The architecture is intentionally boring in the best way: clear boundaries, predictable flow, minimal magic. We ingest once, retrieve fast, answer with context, and score output quality so we know when things drift.

Ingest

Accept docs via dashboard or API

Parse

Normalize raw source into clean text

Chunk

Split into overlap-aware segments

Embed

Generate vectors using selected profile

Store

Save vectors in Actian + metadata in SQLite

Retrieve

Semantic or hybrid search with filters

Ground

Answer with sources, then score quality

Data Flows

Ingestion Flow

Upload docs, parse text, split into overlap-aware chunks (commonly around 512 tokens with overlap), embed, and upsert into Actian with metadata. Translation: we turn document chaos into searchable memory.

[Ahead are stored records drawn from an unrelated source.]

(* Let $p$ be an odd prime and let $\mathcal{A}=(G_x,G_e,G_{xy})$ be a finite, primitive amalgam of degree $(p,2)$. If $q$ is a prime dividing $|G_{xy}|$, then $q<p$.
   Context: An amalgam $(A_1,A_2,B,\pi_1,\pi_2)$ consists of groups with monomorphisms $\pi_i:B\to A_i$; here $G_{xy}$ is identified with its images in $G_x$ and $G_e$. Degree $(p,2)$ means $|G_x:G_{xy}|=p$ and $|G_e:G_{xy}|=2$; finite means $G_{xy}$ is finite; primitive means the only subgroup of $G_{xy}$ normal in both $G_x$ and $G_e$ is trivial. *)

theory Defs
  imports "HOL-Algebra.Algebra"
begin

text \<open>An amalgam (A1, A2, B, pi1, pi2): groups with monomorphisms pi_i : B \<rightarrow> A_i.
  Here A1 plays the role of G_x, A2 of G_e and B of G_xy.\<close>
definition amalgam :: "'a monoid \<Rightarrow> 'b monoid \<Rightarrow> 'c monoid \<Rightarrow> ('c \<Rightarrow> 'a) \<Rightarrow> ('c \<Rightarrow> 'b) \<Rightarrow> bool" where
  "amalgam A1 A2 B pi1 pi2 \<longleftrightarrow>
     group A1 \<and> group A2 \<and> group B \<and> pi1 \<in> mon B A1 \<and> pi2 \<in> mon B A2"

text \<open>Index of a subset H in G: number of right cosets (0 if infinite).\<close>
definition grp_index :: "('a, 'm) monoid_scheme \<Rightarrow> 'a set \<Rightarrow> nat" where
  "grp_index G H = card (rcosets\<^bsub>G\<^esub> H)"

definition amalgam_degree :: "'a monoid \<Rightarrow> 'b monoid \<Rightarrow> 'c monoid \<Rightarrow> ('c \<Rightarrow> 'a) \<Rightarrow> ('c \<Rightarrow> 'b) \<Rightarrow> nat \<Rightarrow> nat \<Rightarrow> bool" where
  "amalgam_degree A1 A2 B pi1 pi2 m n \<longleftrightarrow>
     grp_index A1 (pi1 ` carrier B) = m \<and> grp_index A2 (pi2 ` carrier B) = n"

definition amalgam_finite :: "'c monoid \<Rightarrow> bool" where
  "amalgam_finite B \<longleftrightarrow> finite (carrier B)"

definition amalgam_primitive :: "'a monoid \<Rightarrow> 'b monoid \<Rightarrow> 'c monoid \<Rightarrow> ('c \<Rightarrow> 'a) \<Rightarrow> ('c \<Rightarrow> 'b) \<Rightarrow> bool" where
  "amalgam_primitive A1 A2 B pi1 pi2 \<longleftrightarrow>
     (\<forall>K. subgroup K B \<and> pi1 ` K \<lhd> A1 \<and> pi2 ` K \<lhd> A2 \<longrightarrow> K = {\<one>\<^bsub>B\<^esub>})"

end

theory Submission
  imports Defs
begin

(*
  Let H1 = pi1(G_xy) and H2 = pi2(G_xy), of index p in G_x and 2 in G_e, and
  suppose q >= p.  Let S be the set of q-elements of G_xy (elements of q-power order) and
  K the subgroup they generate.  We show that pi1(K) and pi2(K) are normal, so primitivity
  forces K = 1, while Cauchy theorem gives a nontrivial q-element: contradiction.

  The group-theoretic core is a pigeonhole argument on right cosets: if g lies in a subgroup
  H of finite index n and x lies outside H, then the cosets H x g^i (0 <= i < n) cannot all
  be distinct non-trivial cosets, so x g^m x^-1 lies in H for some 0 < m < n.  For n = 2 this
  yields normality of index-2 subgroups; for n <= q and g a q-element it shows, via Bezout,
  that every conjugate of g lies in H.  The subgroup generated by a conjugation-closed set is
  normal, and images of q-elements under monomorphisms are exactly the q-elements of the image;
  together these give the normality of pi1(K) and pi2(K).
*)


definition q_elements :: "('a, 'm) monoid_scheme \<Rightarrow> nat \<Rightarrow> 'a set" where
  "q_elements G q = {g \<in> carrier G. \<exists>k::nat. g [^]\<^bsub>G\<^esub> (q ^ k) = \<one>\<^bsub>G\<^esub>}"

lemma (in group) conj_nat_pow:
  assumes "x \<in> carrier G" "g \<in> carrier G"
  shows "(x \<otimes> g \<otimes> inv x) [^] (n::nat) = x \<otimes> g [^] n \<otimes> inv x"
proof (induction n)
  case 0
  then show ?case using assms by (simp add: r_inv)
next
  case (Suc n)
  have "(x \<otimes> g \<otimes> inv x) [^] Suc n = (x \<otimes> g [^] n \<otimes> inv x) \<otimes> (x \<otimes> g \<otimes> inv x)"
    using Suc by simp
  also have "\<dots> = x \<otimes> (g [^] n \<otimes> g) \<otimes> inv x"
    using assms by (simp add: m_assoc) (simp add: m_assoc[symmetric])
  finally show ?case by simp
qed
definition z4_code :: "(4^'n::finite) set \<Rightarrow> bool" where
  "z4_code C \<longleftrightarrow> 0 \<in> C \<and> (\<forall>x\<in>C. \<forall>y\<in>C. x + y \<in> C) \<and> (\<forall>c::4. \<forall>x\<in>C. c *s x \<in> C)"

definition z4_dual :: "(4^'n::finite) set \<Rightarrow> (4^'n) set" where
  "z4_dual C = {x. \<forall>y\<in>C. z4_inner x y = 0}"

definition self_dual :: "(4^'n::finite) set \<Rightarrow> bool" where
  "self_dual C \<longleftrightarrow> z4_code C \<and> C = z4_dual C"

definition eucl_weight :: "4^'n::finite \<Rightarrow> nat" where
  "eucl_weight x = card {i. x$i = 1} + 4 * card {i. x$i = 2} + card {i. x$i = 3}"

definition type_II :: "(4^'n::finite) set \<Rightarrow> bool" where
  "type_II C \<longleftrightarrow> self_dual C \<and> (\<forall>x\<in>C. 8 dvd eucl_weight x)"

definition min_eucl_weight :: "(4^'n::finite) set \<Rightarrow> nat" where
  "min_eucl_weight C = Min (eucl_weight ` (C - {0}))"

definition extremal_type_II :: "(4^'n::finite) set \<Rightarrow> bool" where
  "extremal_type_II C \<longleftrightarrow> type_II C \<and>
     min_eucl_weight C = 8 * (CARD('n) div 24) + 8"

definition red2 :: "4 \<Rightarrow> 2" where
  "red2 a = (if a = 0 \<or> a = 2 then 0 else 1)"

definition residue :: "(4^'n::finite) set \<Rightarrow> (2^'n) set" where
  "residue C = (\<lambda>x. \<chi> i. red2 (x$i)) ` C"

definition binary_dim :: "(2^'n::finite) set \<Rightarrow> nat" where
  "binary_dim D = (THE k. card D = 2 ^ k)"

definition z4_equivalent :: "(4^'n::finite) set \<Rightarrow> (4^'n) set \<Rightarrow> bool" where
  "z4_equivalent C D \<longleftrightarrow> (\<exists>\<sigma> s. bij (\<sigma>::'n \<Rightarrow> 'n) \<and> (\<forall>i. s i = (1::4) \<or> s i = -1) \<and>
      D = (\<lambda>x. \<chi> i. s i * x $ \<sigma> i) ` C)"
(* Let $\Phi$ be a channel matrix whose rows $P^1,\dots,P^4\in\Delta^n$ are in general position, let $Q^0$ be the equidistant point from $P^1,\dots,P^4$ with barycentric coordinate $\boldsymbol\lambda^0$, and suppose $\lambda^0_1<0$, $\lambda^0_2,\lambda^0_3,\lambda^0_4\ge0$. Let $Q^1=\pi(Q^0|L(P^2,P^3,P^4))$ with barycentric coordinate $\boldsymbol\lambda^1$ about $P^1,\dots,P^4$, and suppose $\lambda^1_2<0$, $\lambda^1_3\ge0$, $\lambda^1_4\ge0$. Let $Q^2=\pi(Q^1|L(P^3,P^4))$. Then the output distribution achieving the channel capacity is $Q^\ast=Q^2$ and the channel capacity is $C=D(P^3\|Q^2)$.
   Context: $\Delta^n=\{Q:Q_j>0,\sum_jQ_j=1\}$, $\bar\Delta^m=\{\boldsymbol\lambda:\lambda_i\ge0,\sum_i\lambda_i=1\}$; $D(Q\|Q')=\sum_jQ_j\log(Q_j/Q'_j)$. Rows are in general position if $P^2-P^1,\dots,P^m-P^1$ are linearly independent. $L(S^1,\dots,S^r)=\{\sum_i\lambda_iS^i:\sum_i\lambda_i=1\}\cap\Delta^n$; for such an affine subspace $L$, $\pi(Q'|L)$ is the unique $Q\in L$ minimizing $D(Q\|Q')$. The barycentric coordinate of $Q\in L(P^1,\dots,P^m)$ is the unique $\boldsymbol\lambda$ with $\sum_i\lambda_i=1$, $Q=\sum_i\lambda_iP^i$. The equidistant point is the unique $Q^0\in L(P^1,\dots,P^m)$ with all $D(P^i\|Q^0)$ equal. Mutual information $I(\boldsymbol\lambda,\Phi)=\sum_{i,j}\lambda_iP^i_j\log(P^i_j/Q_j)$ with $Q=\boldsymbol\lambda\Phi$; capacity $C=\max_{\boldsymbol\lambda\in\bar\Delta^m}I(\boldsymbol\lambda,\Phi)$; the capacity-achieving output distribution is $Q^\ast=\boldsymbol\lambda^\ast\Phi$ for a maximizer $\boldsymbol\lambda^\ast$ (unique). *)

theory Defs
  imports "HOL-Analysis.Analysis"
begin

text \<open>The channel matrix is given by its
  rows P 1, ..., P m (P :: nat => real^'n); coefficient vectors are nat => real,
  only their values on the row index set matter.\<close>

definition Delta :: "(real^'n) set" where
  "Delta = {Q. (\<forall>j. Q $ j > 0) \<and> (\<Sum>j\<in>UNIV. Q $ j) = 1}"

definition barDelta :: "nat \<Rightarrow> (nat \<Rightarrow> real) set" where
  "barDelta m = {lam. (\<forall>i\<in>{1..m}. lam i \<ge> 0) \<and> (\<Sum>i\<in>{1..m}. lam i) = 1}"

definition KL :: "real^'n \<Rightarrow> real^'n \<Rightarrow> real" where
  "KL Q Q' = (\<Sum>j\<in>UNIV. Q $ j * ln (Q $ j / Q' $ j))"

It supports docs and conversation-like sources, because yes, team knowledge also lives in chat logs and random transcript dumps.

Query Flow

User asks question, system embeds query, runs semantic or hybrid retrieval, picks top chunks, and injects only that context into the answer prompt.

This is the opposite of paste-everything-and-pray prompting. Cheaper, faster, and way less hallucinatory.

Memory Flow

Conversation history can be ingested into a dedicated `conversation_memory` index with session and user metadata. At query time we retrieve only relevant memory snippets, not the full transcript novel.

Net effect: the assistant feels consistent across sessions instead of acting like it had a hard reset every hour.

Observability Flow

Every query cycle gets scored for retrieval quality, chunk relevance, and hallucination rate. Alerts fire on threshold breaches so bad answers do not quietly become normal.

Because seeming fine in one demo is not a monitoring strategy.